Sorry guinea pig lovers: you're living with a rodent whether you like it or not.
Friday, April 3, 2009
Among the partitioned analyses, some continued to shift to new areas of the likelihood surface until relatively late in the analysis. Perhaps even more troubling though was the fact that analyses that did appear to reach a stable plateau sampled significantly different likelihood scores (e.g., -lnL -861,000 v. -lnL 859,500). Is this problem unavoidable in analyses of large datasets?

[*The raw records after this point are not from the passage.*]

(* Let $P$ be a 6-stack and let $Q$ be a retract of $P$ which (with the induced order) is isomorphic to a tower of sections. If there is an integer $i\ge 0$ with $\emptyset\ne P(i)\subseteq Q$, then $Q=P$.
   Context: All posets are finite. For a poset $P$ and $p\in P$, the rank $r(p)$ of $p$ is the largest $m$ such that there is a chain $p_0<\dots<p_m=p$ in $P$. $P$ is ranked of rank $r(P)$ if every maximal chain has exactly $r(P)+1$ elements. For $0\le i\le j$, $P(i,j)=\{p\in P:i\le r(p)\le j\}$, $P(i)=P(i,i)$ (induced order). A subset $Q\subseteq P$ (induced order) is a retract of $P$ if there is an order-preserving $f:P\to Q$ with $f(q)=q$ for all $q\in Q$. The 6-crown $C_6$ is the poset on $\{x_0,x_1,x_2,y_0,y_1,y_2\}$ whose only strict comparabilities are $x_0<y_0>x_1<y_1>x_2<y_2>x_0$. A 6-stack is a ranked poset $P$ of rank $n\ge1$ such that $P(i,i+1)\cong C_6$ for each $0\le i<n$. The ordinal sum of posets $P_1,\dots,P_k$ ($k\ge1$) is their disjoint union ordered by the orders of the $P_i$ together with $p<q$ whenever $p\in P_i,q\in P_j,i<j$. A section is either a two-element antichain or a poset on the set $\{[i,k]: 0\le i\le 2,\ 0\le k\le n\}$ (with $3(n+1)$ distinct elements), for some $n\ge 1$, such that: (1) $[i,k]<[i,l]$ whenever $0\le k<l\le n$; (2) for each $k$, $\{[0,k],[1,k],[2,k]\}$ is an antichain; (3) $[i,k]<[j,l]$ implies $[i+1,k]<[j+1,l]$ (first indices mod $3$); (4) for each $0\le k<n$ there are $i,j$ with $[i,k]\not<[j,k+1]$. A tower of sections is an ordinal sum of one or more sections. *)

theory Defs
  imports Main
begin

definition strict_poset :: "'a set \<Rightarrow> ('a \<Rightarrow> 'a \<Rightarrow> bool) \<Rightarrow> bool" where
  "strict_poset P lt \<longleftrightarrow>
     (\<forall>x\<in>P. \<not> lt x x) \<and> (\<forall>x\<in>P. \<forall>y\<in>P. \<forall>z\<in>P. lt x y \<longrightarrow> lt y z \<longrightarrow> lt x z)"

definition fin_poset :: "'a set \<Rightarrow> ('a \<Rightarrow> 'a \<Rightarrow> bool) \<Rightarrow> bool" where
  "fin_poset P lt \<longleftrightarrow> finite P \<and> strict_poset P lt"

definition rank :: "'a set \<Rightarrow> ('a \<Rightarrow> 'a \<Rightarrow> bool) \<Rightarrow> 'a \<Rightarrow> nat" where
  "rank P lt p = Max {length xs - 1 | xs. xs \<noteq> [] \<and> set xs \<subseteq> P \<and> sorted_wrt lt xs \<and> last xs = p}"

definition is_chain :: "'a set \<Rightarrow> ('a \<Rightarrow> 'a \<Rightarrow> bool) \<Rightarrow> 'a set \<Rightarrow> bool" where
  "is_chain P lt C \<longleftrightarrow> C \<subseteq> P \<and> (\<forall>x\<in>C. \<forall>y\<in>C. x = y \<or> lt x y \<or> lt y x)"

definition maximal_chain :: "'a set \<Rightarrow> ('a \<Rightarrow> 'a \<Rightarrow> bool) \<Rightarrow> 'a set \<Rightarrow> bool" where
  "maximal_chain P lt C \<longleftrightarrow> is_chain P lt C \<and> (\<forall>D. is_chain P lt D \<and> C \<subseteq> D \<longrightarrow> D = C)"

definition ranked_of_rank :: "'a set \<Rightarrow> ('a \<Rightarrow> 'a \<Rightarrow> bool) \<Rightarrow> nat \<Rightarrow> bool" where
  "ranked_of_rank P lt n \<longleftrightarrow> (\<forall>C. maximal_chain P lt C \<longrightarrow> card C = n + 1)"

The most obvious solution would be to simply run the analyses for more than 10 million generations. I've certainly had analyses that required more than 10 million generations to reach stationarity. Perhaps this wasn't done because it took two months on a super computer to run the 10 million generation analyses (anybody know if Hackett et al. or others have implemented longer runs since their paper was published?). Another possibile solution to their problems is to modify the parameters of the MC3 analyses implemented by MrBayes (recall that the MrBayes default is to run two independent MC3 analyses with one cold chain and three heated chains). Hackett et al. explored this possibility by running six analyses with one heated chain and one cold chain (B1-B6) and two analyses with six heated chains and one cold chain (A1-A2). The analyses run with multiple heated chains performed significantly better than those with a single heated chain, perhaps due to the fact that multiple chains are incrementally heated by MrBayes (meaning that the fourth of six heated chains has a flatter likelihood surface than the first). Hackett et al. do not discuss the temperatures used for the heated chains in their analyses, but their results suggest that running multiple heated chains in a single analysis is superior to repeatedly running analyses with only one heated chain.
In any case, Hackett et al.'s ultimate solution was to discard all of their Bayesian analyses and rely instead on parsimony and the fast maximum likelihood methods implemented by GARLI and RAxML. Is this shift away from Bayesian inference in favor of fast maximum likelihood searches for computational reasons a sign of things to come (or has this shift already occurred)? Are the fast maximum likelihood methods ready for prime time, or do people remain uncomfortable with the shortcuts they use to acheive their apparent computational efficiency?